[Opening MATERIAL FOR THIS TASK section]

definition tiling_of :: "real \<Rightarrow> pt3 \<Rightarrow> (int \<Rightarrow> int \<Rightarrow> letter set) \<Rightarrow> bool" where
  "tiling_of P V lab = (\<forall>m n. Xi_center P V m n \<in> interior (piece P (lab m n)))"

definition coherent :: "(int \<Rightarrow> int \<Rightarrow> letter set) \<Rightarrow> bool" where
  "coherent lab = (\<forall>m n.
      (LE \<in> lab m n \<longleftrightarrow> LW \<in> lab (m + 1) n) \<and>
      (LN \<in> lab m n \<longleftrightarrow> LS \<in> lab m (n + 1)))"

end

theory Submission
  imports Defs
begin

text \<open>
  All cut values of the fiber partition lie in \<open>\<int> + \<int>P\<close> or \<open>T + \<int> + \<int>P\<close>.  Call a point
  generic if none of \<open>T, U\<^sub>1, U\<^sub>2, U\<^sub>1 - T, U\<^sub>2 - T\<close> lies in \<open>\<int> + \<int>P\<close>: generic points are dense,
  and genericity survives translation by \<open>\<Lambda>\<^sub>P\<close> and by the steps \<open>(2P,2P,2P)\<close>, \<open>(2,0,2P)\<close>
  between neighbouring tile centres.  So one small generic perturbation keeps the images of a tile
  and of its right and upper neighbours inside their open pieces.  At a generic point the label
  contains a letter iff the point lies in exactly one of the column and the row of that letter's
  special rectangle.  After reduction modulo \<open>\<Lambda>\<^sub>P\<close>, the W-cells of the right neighbour are the
  E-cells translated (or their complements, for both coordinates at once), and the S-cells of the
  upper neighbour are the N-cells translated with column and row exchanged; in both cases the
  exclusive-or deciding the shared edge letter is unchanged.
\<close>

definition int_comb :: "real \<Rightarrow> real set" where
  "int_comb P = {of_int a + of_int b * P | a b. True}"

lemma int_combI: "x = of_int a + of_int b * P \<Longrightarrow> x \<in> int_comb P"
  unfolding int_comb_def by blast

lemma int_comb_diff:
  assumes "x \<in> int_comb P" "y \<in> int_comb P" shows "x - y \<in> int_comb P"
proof -
  obtain a b c d :: int where "x = of_int a + of_int b * P" "y = of_int c + of_int d * P"
    using assms unfolding int_comb_def by blast
  then show ?thesis by (intro int_combI[of _ "a - c" "b - d"]) (simp add: algebra_simps)
qed

lemma int_comb_add:
  assumes "x \<in> int_comb P" "y \<in> int_comb P" shows "x + y \<in> int_comb P"
  using int_comb_diff[OF assms(1) int_comb_diff[OF int_combI[of 0 0 0] assms(2)]] by simp

lemma add_int_comb_iff [simp]: "v \<in> int_comb P \<Longrightarrow> x + v \<in> int_comb P \<longleftrightarrow> x \<in> int_comb P"
  using int_comb_add int_comb_diff[of "x + v" P v] by auto

lemma countable_int_comb: "countable (int_comb P)"
proof -
  have "int_comb P = (\<lambda>(a, b). of_int a + of_int b * P) ` (UNIV :: (int \<times> int) set)"
    unfolding int_comb_def by auto
  then show ?thesis by simp
qed

lemma int_comb_boundary_values:
  "0 \<in> int_comb P" "-1 \<in> int_comb P" "1 \<in> int_comb P" "2 \<in> int_comb P" "2 * P \<in> int_comb P"
  "1 - P \<in> int_comb P" "-1 + P \<in> int_comb P" "2 - P \<in> int_comb P" "-2 + P \<in> int_comb P"
  using int_combI[of _ 0 0 P] int_combI[of _ "-1" 0 P] int_combI[of _ 1 0 P] int_combI[of _ 2 0 P]
    int_combI[of _ 0 2 P] int_combI[of _ 1 "-1" P] int_combI[of _ "-1" 1 P]
    int_combI[of _ 2 "-1" P] int_combI[of _ "-2" 1 P]
  by simp_all

definition generic :: "real \<Rightarrow> pt3 \<Rightarrow> bool" where
  "generic P = (\<lambda>(T, U1, U2). T \<notin> int_comb P \<and> U1 \<notin> int_comb P \<and> U2 \<notin> int_comb P \<and>
                              U1 - T \<notin> int_comb P \<and> U2 - T \<notin> int_comb P)"

lemma generic_add:
  assumes "v \<in> int_comb P \<times> int_comb P \<times> int_comb P"
  shows "generic P (x + v) \<longleftrightarrow> generic P x"
proof -
  obtain T U1 U2 v0 v1 v2 where x: "x = (T, U1, U2)" and v: "v = (v0, v1, v2)"
    by (metis prod.exhaust)
  have "v0 \<in> int_comb P" "v1 \<in> int_comb P" "v2 \<in> int_comb P"
    using assms v by auto
  moreover have "U1 + v1 - (T + v0) \<in> int_comb P \<longleftrightarrow> U1 - T \<in> int_comb P"
    using add_int_comb_iff[OF int_comb_diff[OF \<open>v1 \<in> int_comb P\<close> \<open>v0 \<in> int_comb P\<close>], of "U1 - T"]
    by (simp add: algebra_simps)
  moreover have "U2 + v2 - (T + v0) \<in> int_comb P \<longleftrightarrow> U2 - T \<in> int_comb P"
    using add_int_comb_iff[OF int_comb_diff[OF \<open>v2 \<in> int_comb P\<close> \<open>v0 \<in> int_comb P\<close>], of "U2 - T"]
    by (simp add: algebra_simps)
  ultimately show ?thesis
    unfolding x v generic_def by simp
qed

lemma Lambda_subset_int_comb: "Lambda P \<subseteq> int_comb P \<times> int_comb P \<times> int_comb P"
proof
  fix l assume "l \<in> Lambda P"
  then obtain i j k :: int
    where "l = (2 * of_int i, P * of_int i + 2 * of_int j, P * of_int i + 2 * of_int k)"
    unfolding Lambda_def by blast
  then show "l \<in> int_comb P \<times> int_comb P \<times> int_comb P"
    using int_combI[of _ "2 * i" 0 P] int_combI[of _ "2 * j" i P] int_combI[of _ "2 * k" i P]
    by (simp add: ac_simps)
qed

lemma Lambda_diff:
  assumes "l \<in> Lambda P" "l' \<in> Lambda P"
  shows "l - l' \<in> Lambda P"
proof -
  obtain i j k i' j' k' :: int
    where "l = (2 * of_int i, P * of_int i + 2 * of_int j, P * of_int i + 2 * of_int k)"
      and "l' = (2 * of_int i', P * of_int i' + 2 * of_int j', P * of_int i' + 2 * of_int k')"
    using assms unfolding Lambda_def by blast
  then have "l - l' = (2 * of_int (i - i'), P * of_int (i - i') + 2 * of_int (j - j'),
                       P * of_int (i - i') + 2 * of_int (k - k'))"
    by (simp add: algebra_simps)
  then show ?thesis unfolding Lambda_def by blast
qed

lemma countable_affine_preimage:
  fixes c :: real
  assumes "countable Z" "c \<noteq> 0"
  shows "countable {s. a + c * s \<in> Z}"
proof -
  have "{s. a + c * s \<in> Z} = (\<lambda>z. (z - a) / c) ` Z"
  proof (intro set_eqI iffI)
    fix s assume "s \<in> {s. a + c * s \<in> Z}"
    then show "s \<in> (\<lambda>z. (z - a) / c) ` Z"
      using assms(2) by (intro image_eqI[of _ _ "a + c * s"]) auto
  qed (use assms(2) in auto)
  then show ?thesis using assms(1) by simp
qed

text \<open>Along the line through \<open>x\<close> in direction \<open>(1, 2, 3)\<close> each genericity condition fails for
  only countably many parameters.\<close>

lemma generic_in_open:
  assumes "open S" "x \<in> S"
  shows "\<exists>y\<in>S. generic P y"
proof -
  obtain e where "e > 0" and ball: "ball x e \<subseteq> S"
    using assms open_contains_ball by blast
  obtain T U1 U2 where x: "x = (T, U1, U2)" by (metis prod.exhaust)
  define d :: pt3 where "d = (1, 2, 3)"
  define bad where "bad = {s. T + s \<in> int_comb P} \<union> {s. U1 + 2 * s \<in> int_comb P}
    \<union> {s. U2 + 3 * s \<in> int_comb P} \<union> {s. (U1 - T) + s \<in> int_comb P}
    \<union> {s. (U2 - T) + 2 * s \<in> int_comb P}"
  have aff: "countable {s. a + c * s \<in> int_comb P}" if "c \<noteq> 0" for c a :: real
    using countable_affine_preimage[OF countable_int_comb that] .
  have "countable bad"
    unfolding bad_def
    using aff[of 1 T] aff[of 2 U1] aff[of 3 U2] aff[of 1 "U1 - T"] aff[of 2 "U2 - T"] by simp
  have "norm d > 0" unfolding d_def by (simp add: zero_prod_def)
  then have "uncountable {0 <..< e / norm d}"
    using \<open>e > 0\<close> uncountable_open_interval by simp
  then have "\<not> {0 <..< e / norm d} \<subseteq> bad"
    using \<open>countable bad\<close> countable_subset by blast
  then obtain s where s: "s \<in> {0 <..< e / norm d}" "s \<notin> bad"
    by blast
  have "dist x (x + s *\<^sub>R d) = s * norm d"
    using s by (simp add: dist_norm)
  also have "\<dots> < e"
    using s \<open>norm d > 0\<close> by (simp add: field_simps)
  finally have "x + s *\<^sub>R d \<in> S" using ball by auto
  moreover have "generic P (x + s *\<^sub>R d)"
    using s unfolding bad_def generic_def x d_def by (simp add: algebra_simps)
  ultimately show ?thesis by blast
qed

definition regime :: "real \<Rightarrow> real \<Rightarrow> nat" where
  "regime P T = (if T < -1 + P then 1 else if T < 1 - P then 2 else 3)"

[Closing MATERIAL FOR THIS TASK section]

### WORK ITEM
Set down exactly, and only, the lines from the one with "x (x + s *\<^sub>R" to the final line of the data.

### SOLUTION TO THE EXERCISE
  have "dist x (x + s *\<^sub>R d) = s * norm d"
    using s by (simp add: dist_norm)
  also have "\<dots> < e"
    using s \<open>norm d > 0\<close> by (simp add: field_simps)
  finally have "x + s *\<^sub>R d \<in> S" using ball by auto
  moreover have "generic P (x + s *\<^sub>R d)"
    using s unfolding bad_def generic_def x d_def by (simp add: algebra_simps)
  ultimately show ?thesis by blast
qed

definition regime :: "real \<Rightarrow> real \<Rightarrow> nat" where
  "regime P T = (if T < -1 + P then 1 else if T < 1 - P then 2 else 3)"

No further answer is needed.